## Exercise aim
Provide the number of lines below containing the word "noteq", without any other words.
------------------------------------------------------------------------
(* Consider the setting and algorithm described in the context. Let $\gamma>0$ and $K_0\ge0$ be such that for all $k\ge K_0$: $\gamma_k=\gamma$, $\delta_k=\delta:=2\nu+L_{\nabla h}+\frac{2\|A\|^2}{\gamma}$ and $\|z^{k+1}\|\le\min\left(\frac{\varepsilon}{\gamma},\sqrt{\frac{2\varepsilon}{\gamma}}\right)$. Let $c_1:=\nu$, $c_2:=\frac{\delta(2-\beta)}{2\beta}$, $c_3:=\frac{\gamma}{2}$. Then for all $k\ge K_0+1$: (i) $\Psi(x^{k+1},z^{k+1},u^{k+1},\delta,\gamma)+\theta_kf(Kx^k)-\theta_k\big(\langle Kx^{k+1},y^{k+1}\rangle-f^*(y^{k+1})\big)\le \Psi(x^k,z^k,u^k,\delta,\gamma)-c_1\|x^k-x^{k+1}\|^2-c_2\|u^k-u^{k+1}\|^2-c_3\|z^k-z^{k+1}\|^2$; (ii) $\Psi(x^{k+1},z^{k+1},u^{k+1},\delta,\gamma)-\theta_kf(Kx^{k+1})\le -c_1\|x^k-x^{k+1}\|^2-c_2\|u^k-u^{k+1}\|^2-c_3\|z^k-z^{k+1}\|^2$.
   Context: Setting: $\mathcal{S}\subseteq\mathbb{R}^n$ nonempty, convex, compact; $A:\mathbb{R}^n\to\mathbb{R}^s$, $K:\mathbb{R}^n\to\mathbb{R}^p$ linear with adjoints $A^*,K^*$ and operator norm $\|A\|$; $g:\mathbb{R}^s\to\mathbb{R}\cup\{+\infty\}$ proper, convex, lsc; $h:\mathbb{R}^n\to\mathbb{R}$ differentiable on an open set containing $\mathcal{S}$ with $L_{\nabla h}$-Lipschitz gradient there; $f:\mathbb{R}^p\to\mathbb{R}\cup\{+\infty\}$ proper, convex, lsc with $K(\mathcal{S})\subseteq\operatorname{int}(\operatorname{dom}f)$ and $f(Kx)>0$ on $\mathcal{S}$; $\mathcal{S}\cap A^{-1}(\operatorname{dom}g)\ne\emptyset$, $\inf_{x\in\mathcal{S}}\{g(Ax)+h(x)\}>0$; $A(\mathcal{S})\subseteq\operatorname{dom}(\partial g)$ and there is $\ell>0$ with $\operatorname{dist}(0,\partial g(Ax))\le\ell$ for all $x\in\mathcal{S}$. Notation: $f^*,g^*$ Fenchel conjugates; $\iota_{\mathcal{S}}$ indicator; $\operatorname{Proj}_{\mathcal{S}}$ projection; $\operatorname{prox}_{\varphi,\kappa}(x)=\arg\min_y\{\varphi(y)+\frac1{2\kappa}\|y-x\|^2\}$; $\Psi(x,z,u,\delta,\gamma):=\langle z,Ax\rangle-g^*(z)+h(x)+\iota_{\mathcal{S}}(x)+\frac{\delta}{2}\|x-u\|^2-\frac{\gamma}{2}\|z\|^2$. Algorithm: given $0<\beta<2$, $\nu>0$, $0<q<1$, $\delta_0,\theta_0>0$, $\gamma_0=1$, $\varepsilon>0$ and $(x^0,z^0,u^0)$, for $k\ge0$: choose $y^{k+1}\in\partial f(Kx^k)$; $x^{k+1}:=\operatorname{Proj}_{\mathcal{S}}(u^k+\frac{\theta_k}{\delta_k}K^*y^{k+1}-\frac1{\delta_k}\nabla h(x^k)-\frac1{\delta_k}A^*z^k)$; $u^{k+1}:=(1-\beta)u^k+\beta x^{k+1}$; take the smallest $j_k\ge0$ such that with $\gamma_{k,j_k}:=\gamma_kq^{j_k}$, $z^{k+1,j_k}:=\operatorname{prox}_{g^*,1/\gamma_{k,j_k}}(Ax^{k+1}/\gamma_{k,j_k})$ one has $\theta_{k+1}:=\Psi(x^{k+1},z^{k+1,j_k},u^{k+1},\delta_k,\gamma_{k,j_k})/f(Kx^{k+1})>0$; set $\gamma_{k+1}:=\gamma_{k,j_k}$, $\delta_{k+1}:=2\nu+L_{\nabla h}+2\|A\|^2/\gamma_{k+1}$, $z^{k+1}:=z^{k+1,j_k}$; if $\|z^{k+1}\|>\min(\varepsilon/\gamma_{k+1},\sqrt{2\varepsilon/\gamma_{k+1}})$, replace $\gamma_{k+1}$ by $\gamma_{k+1}q$ and recompute $\delta_{k+1}$ by the same formula. *)

theory Defs
  imports "HOL-Analysis.Analysis"
begin

text \<open>Extended-real-valued convex analysis notions (functions into R \<union> {+inf} are
modelled as ereal-valued functions).\<close>

definition eff_dom :: "('a \<Rightarrow> ereal) \<Rightarrow> 'a set" where
  "eff_dom f = {x. f x < \<infinity>}"

definition proper_fun :: "('a \<Rightarrow> ereal) \<Rightarrow> bool" where
  "proper_fun f \<longleftrightarrow> (\<forall>x. f x \<noteq> -\<infinity>) \<and> (\<exists>x. f x \<noteq> \<infinity>)"

definition epi :: "('a \<Rightarrow> ereal) \<Rightarrow> ('a \<times> real) set" where
  "epi f = {(x, t). f x \<le> ereal t}"

definition convex_fun :: "('a::real_vector \<Rightarrow> ereal) \<Rightarrow> bool" where
  "convex_fun f \<longleftrightarrow> convex (epi f)"

definition lsc_fun :: "('a::topological_space \<Rightarrow> ereal) \<Rightarrow> bool" where
  "lsc_fun f \<longleftrightarrow> closed (epi f)"

definition fconj :: "('a::real_inner \<Rightarrow> ereal) \<Rightarrow> 'a \<Rightarrow> ereal" where
  "fconj f y = (SUP x. ereal (inner y x) - f x)"

definition subdiff :: "('a::real_inner \<Rightarrow> ereal) \<Rightarrow> 'a \<Rightarrow> 'a set" where
  "subdiff f x = {v. f x < \<infinity> \<and> (\<forall>w. f x + ereal (inner v (w - x)) \<le> f w)}"

definition subdiff_dom :: "('a::real_inner \<Rightarrow> ereal) \<Rightarrow> 'a set" where
  "subdiff_dom f = {x. subdiff f x \<noteq> {}}"

definition prox :: "('a::real_normed_vector \<Rightarrow> ereal) \<Rightarrow> real \<Rightarrow> 'a \<Rightarrow> 'a" where
  "prox phi kappa x = (SOME y. \<forall>w. phi y + ereal ((norm (y - x))\<^sup>2 / (2 * kappa))
                                   \<le> phi w + ereal ((norm (w - x))\<^sup>2 / (2 * kappa)))"

text \<open>Psi(x,z,u,delta,gamma) = <z,Ax> - g*(z) + h(x) + iota_S(x) + delta/2 |x-u|^2 - gamma/2 |z|^2\<close>
definition Psi :: "'n::real_inner set \<Rightarrow> ('n \<Rightarrow> 's::real_inner) \<Rightarrow> ('s \<Rightarrow> ereal) \<Rightarrow> ('n \<Rightarrow> real)
    \<Rightarrow> 'n \<Rightarrow> 's \<Rightarrow> 'n \<Rightarrow> real \<Rightarrow> real \<Rightarrow> ereal" where
  "Psi S A g h x z u d gm =
     (if x \<in> S then ereal (inner z (A x) + h x + d / 2 * (norm (x - u))\<^sup>2 - gm / 2 * (norm z)\<^sup>2)
                     - fconj g z
      else \<infinity>)"

end

theory Submission
  imports Defs
begin

text \<open>Once the backtracking has stalled, every iteration is a step with the fixed parameters
  \<open>\<gamma>\<close> and \<open>\<delta>\<close>, and \<open>\<Psi>\<close> decreases along it. The \<open>x\<close>-update is a projection, so its
  variational inequality together with the descent lemma for \<open>h\<close> controls the \<open>x\<close>-terms, and the
  relaxation \<open>u' = (1 - \<beta>) u + \<beta> x'\<close> turns the proximity term into \<open>-c\<^sub>2 \<parallel>u - u'\<parallel>\<^sup>2\<close>.
  Since \<open>z = prox\<^sub>g\<^sub>*\<^sub>,\<^sub>1\<^sub>/\<^sub>\<gamma>(A x / \<gamma>)\<close> maximizes the \<open>\<gamma>\<close>-strongly concave function
  \<open>w \<mapsto> \<langle>w, A x\<rangle> - \<gamma>/2 \<parallel>w\<parallel>\<^sup>2 - g\<^sup>*(w)\<close>, replacing \<open>z\<^sup>k\<close> by \<open>z\<^sup>k\<^sup>+\<^sup>1\<close> gains
  \<open>\<gamma>/2 \<parallel>z\<^sup>k - z\<^sup>k\<^sup>+\<^sup>1\<parallel>\<^sup>2\<close>, while firm nonexpansiveness of this map bounds the coupling term
  \<open>\<langle>z\<^sup>k\<^sup>+\<^sup>1 - z\<^sup>k, A (x\<^sup>k\<^sup>+\<^sup>1 - x\<^sup>k)\<rangle>\<close> by \<open>\<parallel>A\<parallel>\<^sup>2/\<gamma> \<parallel>x\<^sup>k - x\<^sup>k\<^sup>+\<^sup>1\<parallel>\<^sup>2\<close>, which the choice
  of \<open>\<delta>\<close> absorbs. Part (ii) follows from (i) because \<open>\<Psi>(x\<^sup>k, z\<^sup>k, u\<^sup>k) = \<theta>\<^sub>k f(K x\<^sup>k)\<close> and
  \<open>y\<^sup>k\<^sup>+\<^sup>1\<close> is a subgradient of \<open>f\<close> at \<open>K x\<^sup>k\<close>. The proximal points (defined by Hilbert choice)
  exist since \<open>g\<^sup>*\<close> is convex, lower semicontinuous and has an affine minorant, so adding the
  quadratic gives an objective with compact sublevel sets.\<close>

lemma fenchel_young: "ereal (inner y w) - f w \<le> fconj f y"
  unfolding fconj_def by (rule SUP_upper) simp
------------------------------------------------------------------------
## Task response
2